# DATASET RECORDS
lemma avoiding_scale: "0 < c \<Longrightarrow> avoiding P A (\<lambda>x. c * \<phi> x) t = avoiding P A \<phi> (t / c)"
  by (auto simp: avoiding_def birkhoff_scale pos_le_divide_eq mult.commute)

lemma avoiding_add_subset:
  assumes pos: "\<forall>y\<in>sigmaP P. 0 < \<phi> y" "\<forall>y\<in>sigmaP P. 0 < \<psi> y"
  shows "avoiding P A (\<lambda>x. \<phi> x + \<psi> x) (a + b) \<subseteq> avoiding P A \<phi> a \<union> avoiding P A \<psi> b"
proof
  fix x assume x: "x \<in> avoiding P A (\<lambda>x. \<phi> x + \<psi> x) (a + b)"
  then have "x \<in> sigmaP P" by (simp add: avoiding_def)
  show "x \<in> avoiding P A \<phi> a \<union> avoiding P A \<psi> b"
  proof (rule ccontr)
    assume "x \<notin> avoiding P A \<phi> a \<union> avoiding P A \<psi> b"
    then obtain k1 k2 where k1: "birkhoff \<phi> k1 x \<le> a" "(shift ^^ k1) x \<in> A"
      and k2: "birkhoff \<psi> k2 x \<le> b" "(shift ^^ k2) x \<in> A"
      using \<open>x \<in> sigmaP P\<close> by (auto simp: avoiding_def)
    have "birkhoff \<phi> (min k1 k2) x \<le> a" "birkhoff \<psi> (min k1 k2) x \<le> b"
      using k1 k2 strict_mono_less_eq[OF strict_mono_birkhoff[OF pos(1) \<open>x \<in> sigmaP P\<close>]]
        strict_mono_less_eq[OF strict_mono_birkhoff[OF pos(2) \<open>x \<in> sigmaP P\<close>]]
      by (meson min.cobounded1 min.cobounded2 order_trans)+
    moreover have "(shift ^^ min k1 k2) x \<in> A" using k1 k2 by (simp add: min_def)
    ultimately show False using x by (auto simp: avoiding_def birkhoff_add)
  qed
qed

# WORK INSTRUCTIONS
Return the records exactly, character for character.

# RESPONSE BELOW
lemma avoiding_scale: "0 < c \<Longrightarrow> avoiding P A (\<lambda>x. c * \<phi> x) t = avoiding P A \<phi> (t / c)"
  by (auto simp: avoiding_def birkhoff_scale pos_le_divide_eq mult.commute)

lemma avoiding_add_subset:
  assumes pos: "\<forall>y\<in>sigmaP P. 0 < \<phi> y" "\<forall>y\<in>sigmaP P. 0 < \<psi> y"
  shows "avoiding P A (\<lambda>x. \<phi> x + \<psi> x) (a + b) \<subseteq> avoiding P A \<phi> a \<union> avoiding P A \<psi> b"
proof
  fix x assume x: "x \<in> avoiding P A (\<lambda>x. \<phi> x + \<psi> x) (a + b)"
  then have "x \<in> sigmaP P" by (simp add: avoiding_def)
  show "x \<in> avoiding P A \<phi> a \<union> avoiding P A \<psi> b"
  proof (rule ccontr)
    assume "x \<notin> avoiding P A \<phi> a \<union> avoiding P A \<psi> b"
    then obtain k1 k2 where k1: "birkhoff \<phi> k1 x \<le> a" "(shift ^^ k1) x \<in> A"
      and k2: "birkhoff \<psi> k2 x \<le> b" "(shift ^^ k2) x \<in> A"
      using \<open>x \<in> sigmaP P\<close> by (auto simp: avoiding_def)
    have "birkhoff \<phi> (min k1 k2) x \<le> a" "birkhoff \<psi> (min k1 k2) x \<le> b"
      using k1 k2 strict_mono_less_eq[OF strict_mono_birkhoff[OF pos(1) \<open>x \<in> sigmaP P\<close>]]
        strict_mono_less_eq[OF strict_mono_birkhoff[OF pos(2) \<open>x \<in> sigmaP P\<close>]]
      by (meson min.cobounded1 min.cobounded2 order_trans)+
    moreover have "(shift ^^ min k1 k2) x \<in> A" using k1 k2 by (simp add: min_def)
    ultimately show False using x by (auto simp: avoiding_def birkhoff_add)
  qed
qed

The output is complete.